Heavy Rain Causes Flooding in Washington County

Overnight rain totals topped four-inches in several northwest, Florida cities. The water is adding to already swollen rivers and lakes.

Following storms, Washington County Emergency Management personnel check their Chipley rain gauge. From midnight to 8AM Friday morning, just under an inch-and-a-half fell

E.M.A. Director Roger Hagan says National Weather Service graphs of the Choctawhatchee River indicate rising water levels. "Following a two-and-a-half year drought with low water levels, waters from the Choctawhatchee River and Holmes Creek are now rising; the river becomes sort of like a floating dam."

Tom Maleszewski has lived along the river his whole life. After a two-and-a-half year drought, high water is important for the ecosystem. He says they are important because they, "Create sanctuaries for freshwater shrimp and fish; it flushes out the old water and creates a good system for fishing especially."

Lifelong Caryville resident Millard French operates a farm supply business. Life along the river brings a certain life philosophy. "I can't start the rain, and I can't stop the rain,” she says. “And, that's the way I look at it. These things are all out of my hand."

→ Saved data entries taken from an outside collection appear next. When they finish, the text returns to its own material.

(* Let $G$ be a finite graph, $F$ a normal spanning forest of $G$, $x$ a vertex of $G$, and $B\subseteq\mathrm{Pred}_F(x)$. Let $p,d\in\mathbb{N}$. (a) If $|B|\ge p$ and there are $p$ distinct immediate successors $y$ of $x$ in $F$ with $B_F(y)=B\cup\{x\}$, then $K_{p,p}$ is a minor of $G$. (b) If $|B|<p$ and $\mathrm{Sep}(G,p)\le d$, then there are at most $d$ immediate successors $y$ of $x$ in $F$ with $B_F(y)=B\cup\{x\}$.
   Context: Graphs are finite, simple, undirected. A spanning forest $F$ of $G$ is a rooted forest on the vertex set of $G$ using edges of $G$, with edges oriented away from the roots; its tree-order is $x\preceq_F y$ iff some path from a root to $y$ contains $x$; immediate successors of $x$ are the children of $x$ in $F$. $F$ is normal if the two ends of every edge of $G$ are $\preceq_F$-comparable. $\mathrm{Pred}_F(x)=\{y: y\prec_F x\}$. $B_F(x)=\{v\prec_F x : \text{there is an edge }(u,v)\text{ of }G\text{ with }x\preceq_F u\}$. $\mathrm{Sep}(G,k)$ is the maximum over vertex sets $S$ with $|S|\le k$ of the number of connected components of $G-S$. *)

theory Defs
  imports Main
begin

definition graph :: "'a set \<Rightarrow> ('a \<Rightarrow> 'a \<Rightarrow> bool) \<Rightarrow> bool" where
  "graph V E \<longleftrightarrow> finite V \<and> (\<forall>u v. E u v \<longrightarrow> u \<in> V \<and> v \<in> V \<and> E v u \<and> u \<noteq> v)"

definition induced_rel :: "('a \<Rightarrow> 'a \<Rightarrow> bool) \<Rightarrow> 'a set \<Rightarrow> ('a \<times> 'a) set" where
  "induced_rel E W = {(a, b). a \<in> W \<and> b \<in> W \<and> E a b}"

definition conn_in :: "('a \<Rightarrow> 'a \<Rightarrow> bool) \<Rightarrow> 'a set \<Rightarrow> 'a \<Rightarrow> 'a \<Rightarrow> bool" where
  "conn_in E W u v \<longleftrightarrow> u \<in> W \<and> v \<in> W \<and> (u, v) \<in> (induced_rel E W)\<^sup>*"

definition components :: "('a \<Rightarrow> 'a \<Rightarrow> bool) \<Rightarrow> 'a set \<Rightarrow> 'a set set" where
  "components E W = {{v. conn_in E W u v} | u. u \<in> W}"

definition connected_set :: "('a \<Rightarrow> 'a \<Rightarrow> bool) \<Rightarrow> 'a set \<Rightarrow> bool" where
  "connected_set E W \<longleftrightarrow> W \<noteq> {} \<and> (\<forall>u\<in>W. \<forall>v\<in>W. conn_in E W u v)"

definition Sep :: "'a set \<Rightarrow> ('a \<Rightarrow> 'a \<Rightarrow> bool) \<Rightarrow> nat \<Rightarrow> nat" where
  "Sep V E k = Max {card (components E (V - S)) | S. S \<subseteq> V \<and> card S \<le> k}"

definition Kpp_minor :: "'a set \<Rightarrow> ('a \<Rightarrow> 'a \<Rightarrow> bool) \<Rightarrow> nat \<Rightarrow> bool" where
  "Kpp_minor V E p \<longleftrightarrow> (\<exists>A B :: nat \<Rightarrow> 'a set.
     (\<forall>i<p. A i \<subseteq> V \<and> B i \<subseteq> V \<and> connected_set E (A i) \<and> connected_set E (B i)) \<and>
     (\<forall>i<p. \<forall>j<p. i \<noteq> j \<longrightarrow> A i \<inter> A j = {} \<and> B i \<inter> B j = {}) \<and>
     (\<forall>i<p. \<forall>j<p. A i \<inter> B j = {}) \<and>
     (\<forall>i<p. \<forall>j<p. \<exists>a\<in>A i. \<exists>b\<in>B j. E a b))"
lemma Omega_ratio_less_powr:
  assumes "(\<lambda>n. e (real n)) \<longlonglongrightarrow> c" and gap: "\<And>m. N \<le> m \<Longrightarrow> ln_gap e (real m) < 0"
    and "1 \<le> N" "N \<le> n"
  shows "Omega_ratio n < (1 + 1 / real n) powr e (real n)"
proof -
  have "0 < e (real n) * ln (1 + 1 / real n) - ln (Omega_ratio n)"
  proof (rule pos_if_tendsto_0_and_decreasing_by_2[OF _ _ \<open>N \<le> n\<close>])
    show "(\<lambda>n. e (real n) * ln (1 + 1 / real n) - ln (Omega_ratio n)) \<longlonglongrightarrow> 0"
      using tendsto_minus[OF ln_Omega_ratio_deviation_tendsto_0[OF assms(1)]] by simp
  next
    fix m assume "N \<le> m"
    then show "e (real (m + 2)) * ln (1 + 1 / real (m + 2)) - ln (Omega_ratio (m + 2))
        < e (real m) * ln (1 + 1 / real m) - ln (Omega_ratio m)"
      using gap ln_Omega_ratio_deviation_step[of m e] \<open>1 \<le> N\<close> by force
  qed
  then have "ln (Omega_ratio n) < ln ((1 + 1 / real n) powr e (real n))"
    by simp
  then show ?thesis
    using Omega_ratio_ge_1[of n] assms(3,4) one_plus_inverse_pos[of n]
    by (subst (asm) ln_less_cancel_iff) auto
qed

Following the great Caryville 1994 flood, the federal government bought out the far majority of property owners. And, there are fewer residential areas that can now flood.

The July, 1994 Caryville flood resulted in the town losing the majority of its residents due to the federal buy-out.

The Choctawhatchee River in Caryville is expected to crest at around 10-and-a-half feet Saturday afternoon, which is a foot-and-a-half under flood stage.